(Stored items)
- Opening Delimiter -
lemma adjoint3_scaleR [simp]: "adjoint3 (r *\<^sub>R A) = r *\<^sub>R adjoint3 A"
  by (simp add: vec_eq_iff adjoint3_def)

lemma invertible_adjoint3: "invertible A \<Longrightarrow> invertible (adjoint3 A)"
  unfolding invertible_def by (metis adjoint3_mult adjoint3_mat complex_cnj_one)

definition lin_form :: "(4 \<Rightarrow> complex) \<Rightarrow> complex^4 \<Rightarrow> complex" where
  "lin_form b z = (\<Sum>i\<in>UNIV. z$i * b i)"

lemma lin_matrix_nth: "lin_matrix U z $ r $ s = lin_form (\<lambda>i. U i $ r $ s) z"
  by (simp add: lin_matrix_def lin_form_def)

lemma lin_form_scale_add: "lin_form b (t *s u + v) = t * lin_form b u + lin_form b v"
  by (simp add: lin_form_def sum.distrib sum_distrib_left algebra_simps)

lemma lin_form_diff: "lin_form b (x - y) = lin_form b x - lin_form b y"
  by (simp add: lin_form_def sum_subtractf left_diff_distrib)

lemma lin_form_scale: "lin_form b (t *s x) = t * lin_form b x"
  by (simp add: lin_form_def sum_distrib_left mult.assoc)

lemma lin_form_cmult: "lin_form (\<lambda>i. c * b i) z = c * lin_form b z"
  by (simp add: lin_form_def sum_distrib_left mult.left_commute)

lemma lin_form_axis: "lin_form b (axis p 1) = b p"
proof -
  have "axis p 1 $ i * b i = (if p = i then b i else 0)" for i
    by (simp add: axis_def)
  then show ?thesis by (simp add: lin_form_def)
qed

lemma has_derivative_lin_form: "(lin_form b has_derivative lin_form b) (at z)"
  unfolding lin_form_def [abs_def]
  by (intro has_derivative_sum has_derivative_mult_left bounded_linear_imp_has_derivative
      bounded_linear_vec_nth)

lemma lin_matrix_mult_left: "P ** lin_matrix U z = lin_matrix (\<lambda>i. P ** U i) z"
  unfolding vec_eq_iff lin_matrix_def matrix_matrix_mult_def
  by (simp add: sum_distrib_left mult.left_commute, intro allI sum.swap)

lemma lin_matrix_mult_right: "lin_matrix U z ** Q = lin_matrix (\<lambda>i. U i ** Q) z"
  unfolding vec_eq_iff lin_matrix_def matrix_matrix_mult_def
  by (simp add: sum_distrib_left sum_distrib_right mult.assoc, intro allI sum.swap)

lemma lin_form_kernel_contains_line:
  "\<exists>u v. u \<noteq> 0 \<and> lin_form b u = 0 \<and> lin_form b v = 0 \<and> (\<forall>t. t *s u + v \<noteq> 0)"
proof (cases "b = (\<lambda>_. 0)")
  case True
  define u v :: "complex^4" where "u = axis 1 1" and "v = axis 2 1"
  have "u \<noteq> 0" and "(t *s u + v) $ 2 \<noteq> 0" for t
    by (simp add: u_def) (simp add: u_def v_def axis_def)
  moreover have "lin_form b u = 0" "lin_form b v = 0"
    using True by (simp_all add: lin_form_def)
  ultimately show ?thesis by (metis zero_index)
next
  case False
  then obtain j where bj: "b j \<noteq> 0" by auto
  \<comment> \<open>index arithmetic in the type \<open>4\<close> is modulo 4, so \<open>j\<close>, \<open>j + 1\<close>, \<open>j + 2\<close> are distinct\<close>
  define u :: "complex^4" where "u = b j *s axis (j + 1) 1 - b (j + 1) *s axis j 1"
  define v :: "complex^4" where "v = b j *s axis (j + 2) 1 - b (j + 2) *s axis j 1"
  have "u $ (j + 1) \<noteq> 0" and "(t *s u + v) $ (j + 2) \<noteq> 0" for t
    using bj by (simp_all add: u_def v_def axis_def)
  moreover have "lin_form b u = 0" "lin_form b v = 0"
    by (simp_all add: u_def v_def lin_form_diff lin_form_scale lin_form_axis)
  ultimately show ?thesis by (metis zero_index)
qed

lemma quadratic_has_root:
  fixes a b c :: complex
  assumes "a \<noteq> 0"
  shows "\<exists>t. a * t^2 + b * t + c = 0"
proof -
  define w where "w = csqrt (b^2 - 4 * a * c)"
  have "a * ((w - b) / (2 * a))^2 + b * ((w - b) / (2 * a)) + c = (w^2 - (b^2 - 4 * a * c)) / (4 * a)"
    using assms by (simp add: field_simps power2_eq_square)
  also have "\<dots> = 0" by (simp add: w_def)
  finally show ?thesis by blast
qed

lemma plane_meets_quadric:
  "\<exists>z. z \<noteq> 0 \<and> lin_form a z = 0 \<and> lin_form b z * lin_form c z - lin_form d z * lin_form e z = 0"
proof -
  define q where "q z = lin_form b z * lin_form c z - lin_form d z * lin_form e z" for z
  obtain u v where uv: "u \<noteq> 0" "lin_form a u = 0" "lin_form a v = 0" "\<forall>t. t *s u + v \<noteq> 0"
    using lin_form_kernel_contains_line by blast
  have "\<exists>z. z \<noteq> 0 \<and> lin_form a z = 0 \<and> q z = 0"
  proof (cases "q u = 0")
    case True
    then show ?thesis using uv by blast
  next
    case False
    define m where "m = lin_form b u * lin_form c v + lin_form b v * lin_form c u
      - lin_form d u * lin_form e v - lin_form d v * lin_form e u"
    have q_line: "q (t *s u + v) = q u * t^2 + m * t + q v" for t
      unfolding q_def m_def lin_form_scale_add by (simp add: algebra_simps power2_eq_square)
    obtain t where "q u * t^2 + m * t + q v = 0"
      using quadratic_has_root[OF False] by blast
    then have "q (t *s u + v) = 0" by (simp add: q_line)
    moreover have "lin_form a (t *s u + v) = 0"
      using uv by (simp add: lin_form_scale_add)
    ultimately show ?thesis using uv(4) by blast
  qed
  then show ?thesis by (simp add: q_def)
qed

lemma plane_times_quadric_not_smooth:
  assumes "\<And>z. F z = lin_form a z * (lin_form b z * lin_form c z - lin_form d z * lin_form e z)"
  shows "\<not> smooth_cubic_surface F"
proof -
  obtain z where z: "z \<noteq> 0" "lin_form a z = 0"
    and q: "lin_form b z * lin_form c z - lin_form d z * lin_form e z = 0"
    using plane_meets_quadric by blast
  have F: "F = (\<lambda>z. lin_form a z * (lin_form b z * lin_form c z - lin_form d z * lin_form e z))"
    using assms by blast
  have "(F has_derivative (\<lambda>h. lin_form a z * (lin_form b z * lin_form c h + lin_form b h * lin_form c z
          - (lin_form d z * lin_form e h + lin_form d h * lin_form e z))
        + lin_form a h * (lin_form b z * lin_form c z - lin_form d z * lin_form e z))) (at z)"
    unfolding F by (intro has_derivative_mult has_derivative_diff has_derivative_lin_form)
  then have "(F has_derivative (\<lambda>h. 0)) (at z)"
    using z(2) q by simp
  moreover have "F z = 0" using assms z(2) by simp
  ultimately show ?thesis using z(1) unfolding smooth_cubic_surface_def by blast
qed

lemma block_triangular_not_smooth:
  assumes "det_rep F N" and "\<And>i. N i $ 2 $ 1 = 0" and "\<And>i. N i $ 3 $ 1 = 0"
  shows "\<not> smooth_cubic_surface F"
proof -
  obtain c where "c \<noteq> 0" and c: "\<And>z. det (lin_matrix N z) = c * F z"
    using assms(1) unfolding det_rep_def by blast
  define l where "l r s = lin_form (\<lambda>i. N i $ r $ s)" for r s
  have "F z = lin_form (\<lambda>i. inverse c * N i $ 1 $ 1) z * (l 2 2 z * l 3 3 z - l 2 3 z * l 3 2 z)" for z
  proof -
    have "F z = inverse c * det (lin_matrix N z)"
      using \<open>c \<noteq> 0\<close> by (simp add: c)
    also have "det (lin_matrix N z) = l 1 1 z * (l 2 2 z * l 3 3 z - l 2 3 z * l 3 2 z)"
      unfolding det_3 using assms(2,3)
      by (simp add: lin_matrix_nth l_def lin_form_def algebra_simps)
    finally show ?thesis by (simp add: l_def lin_form_cmult)
  qed
  then show ?thesis
    unfolding l_def by (rule plane_times_quadric_not_smooth)
qed

lemma invertible_with_first_column:
  fixes k :: "'a::field^3"
  assumes "k \<noteq> 0"
  shows "\<exists>Q::'a^3^3. invertible Q \<and> Q *v axis 1 1 = k"
proof -
  have col: "Q *v axis 1 1 = k" if "\<And>r. Q $ r $ 1 = k $ r" for Q :: "'a^3^3"
    using that by (simp add: vec_eq_iff matrix_vector_mult_axis)
  consider "k$1 \<noteq> 0" | "k$1 = 0" "k$2 \<noteq> 0" | "k$1 = 0" "k$2 = 0" "k$3 \<noteq> 0"
    using assms by (metis vec_eq_iff zero_index exhaust_3)
  then show ?thesis
  proof cases
    case 1
    define Q :: "'a^3^3" where "Q = (\<chi> r s. if s = 1 then k$r else if r = s then 1 else 0)"
    have "det Q = k$1" unfolding det_3 Q_def by simp
    then show ?thesis using 1 col by (intro exI[of _ Q]) (simp add: invertible_det_nz Q_def)
  next
    case 2
    define Q :: "'a^3^3" where
      "Q = (\<chi> r s. if s = 1 then k$r else if s = 2 then (if r = 1 then 1 else 0) else (if r = 3 then 1 else 0))"
    have "det Q = - k$2" unfolding det_3 Q_def using 2 by simp
    then show ?thesis using 2 col by (intro exI[of _ Q]) (simp add: invertible_det_nz Q_def)
  next
    case 3
    define Q :: "'a^3^3" where
      "Q = (\<chi> r s. if s = 1 then k$r else if s = 2 then (if r = 1 then 1 else 0) else (if r = 2 then 1 else 0))"
    have "det Q = k$3" unfolding det_3 Q_def using 3 by simp
    then show ?thesis using 3 col by (intro exI[of _ Q]) (simp add: invertible_det_nz Q_def)
  qed
qed

lemma det_rep_mult:
  assumes "det_rep F N" and "invertible P" and "invertible Q"
  shows "det_rep F (\<lambda>i. P ** N i ** Q)"
proof -
  obtain c where "c \<noteq> 0" and c: "\<And>z. det (lin_matrix N z) = c * F z"
    using assms(1) unfolding det_rep_def by blast
  have "det (lin_matrix (\<lambda>i. P ** N i ** Q) z) = (det P * det Q * c) * F z" for z
    unfolding lin_matrix_mult_left[symmetric] lin_matrix_mult_right[symmetric] det_mul c
    by simp
  moreover have "det P * det Q * c \<noteq> 0"
    using assms(2,3) \<open>c \<noteq> 0\<close> by (simp add: invertible_det_nz)
  ultimately show ?thesis unfolding det_rep_def by blast
qed

lemma common_eigenvector_not_smooth:
  assumes "det_rep F N" and "k \<noteq> 0" and "\<And>i. N i *v k = \<nu> i *s k"
  shows "\<not> smooth_cubic_surface F"
proof -
  obtain Q :: "complex^3^3" where Q: "invertible Q" "Q *v axis 1 1 = k"
    using invertible_with_first_column[OF assms(2)] by blast
  define N' where "N' = (\<lambda>i. matrix_inv Q ** N i ** Q)"
  have Q_inv_k: "matrix_inv Q *v k = axis 1 1"
    by (simp add: Q(2)[symmetric] matrix_vector_mul_assoc matrix_inv_left[OF Q(1)])
  have "N' i *v axis 1 1 = \<nu> i *s axis 1 1" for i
    by (simp add: N'_def Q(2) assms(3) Q_inv_k matrix_vector_mult_smult
        flip: matrix_vector_mul_assoc)
  then have "N' i $ r $ 1 = \<nu> i * axis 1 1 $ r" for i r
    by (metis matrix_vector_mult_axis vector_smult_component)
  then show ?thesis
    by (intro block_triangular_not_smooth[of F N'])
       (simp_all add: N'_def det_rep_mult assms(1) Q(1) invertible_matrix_inv axis_def)
qed

definition proportional :: "'a::times^'n \<Rightarrow> 'a^'n \<Rightarrow> bool" where
  "proportional x y \<longleftrightarrow> (\<forall>r s. x $ r * y $ s = x $ s * y $ r)"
- Closing Delimiter -
[WHAT YOU WILL DO]: If a line comes after the one containing "z = lin_matrix", leave it out; set down every line of the data before it, and that line itself, exactly.

[WRITTEN ANSWER]:
lemma adjoint3_scaleR [simp]: "adjoint3 (r *\<^sub>R A) = r *\<^sub>R adjoint3 A"
  by (simp add: vec_eq_iff adjoint3_def)

lemma invertible_adjoint3: "invertible A \<Longrightarrow> invertible (adjoint3 A)"
  unfolding invertible_def by (metis adjoint3_mult adjoint3_mat complex_cnj_one)

definition lin_form :: "(4 \<Rightarrow> complex) \<Rightarrow> complex^4 \<Rightarrow> complex" where
  "lin_form b z = (\<Sum>i\<in>UNIV. z$i * b i)"

lemma lin_matrix_nth: "lin_matrix U z $ r $ s = lin_form (\<lambda>i. U i $ r $ s) z"
  by (simp add: lin_matrix_def lin_form_def)

lemma lin_form_scale_add: "lin_form b (t *s u + v) = t * lin_form b u + lin_form b v"
  by (simp add: lin_form_def sum.distrib sum_distrib_left algebra_simps)

lemma lin_form_diff: "lin_form b (x - y) = lin_form b x - lin_form b y"
  by (simp add: lin_form_def sum_subtractf left_diff_distrib)

lemma lin_form_scale: "lin_form b (t *s x) = t * lin_form b x"
  by (simp add: lin_form_def sum_distrib_left mult.assoc)

lemma lin_form_cmult: "lin_form (\<lambda>i. c * b i) z = c * lin_form b z"
  by (simp add: lin_form_def sum_distrib_left mult.left_commute)

lemma lin_form_axis: "lin_form b (axis p 1) = b p"
proof -
  have "axis p 1 $ i * b i = (if p = i then b i else 0)" for i
    by (simp add: axis_def)
  then show ?thesis by (simp add: lin_form_def)
qed

lemma has_derivative_lin_form: "(lin_form b has_derivative lin_form b) (at z)"
  unfolding lin_form_def [abs_def]
  by (intro has_derivative_sum has_derivative_mult_left bounded_linear_imp_has_derivative
      bounded_linear_vec_nth)

lemma lin_matrix_mult_left: "P ** lin_matrix U z = lin_matrix (\<lambda>i. P ** U i) z"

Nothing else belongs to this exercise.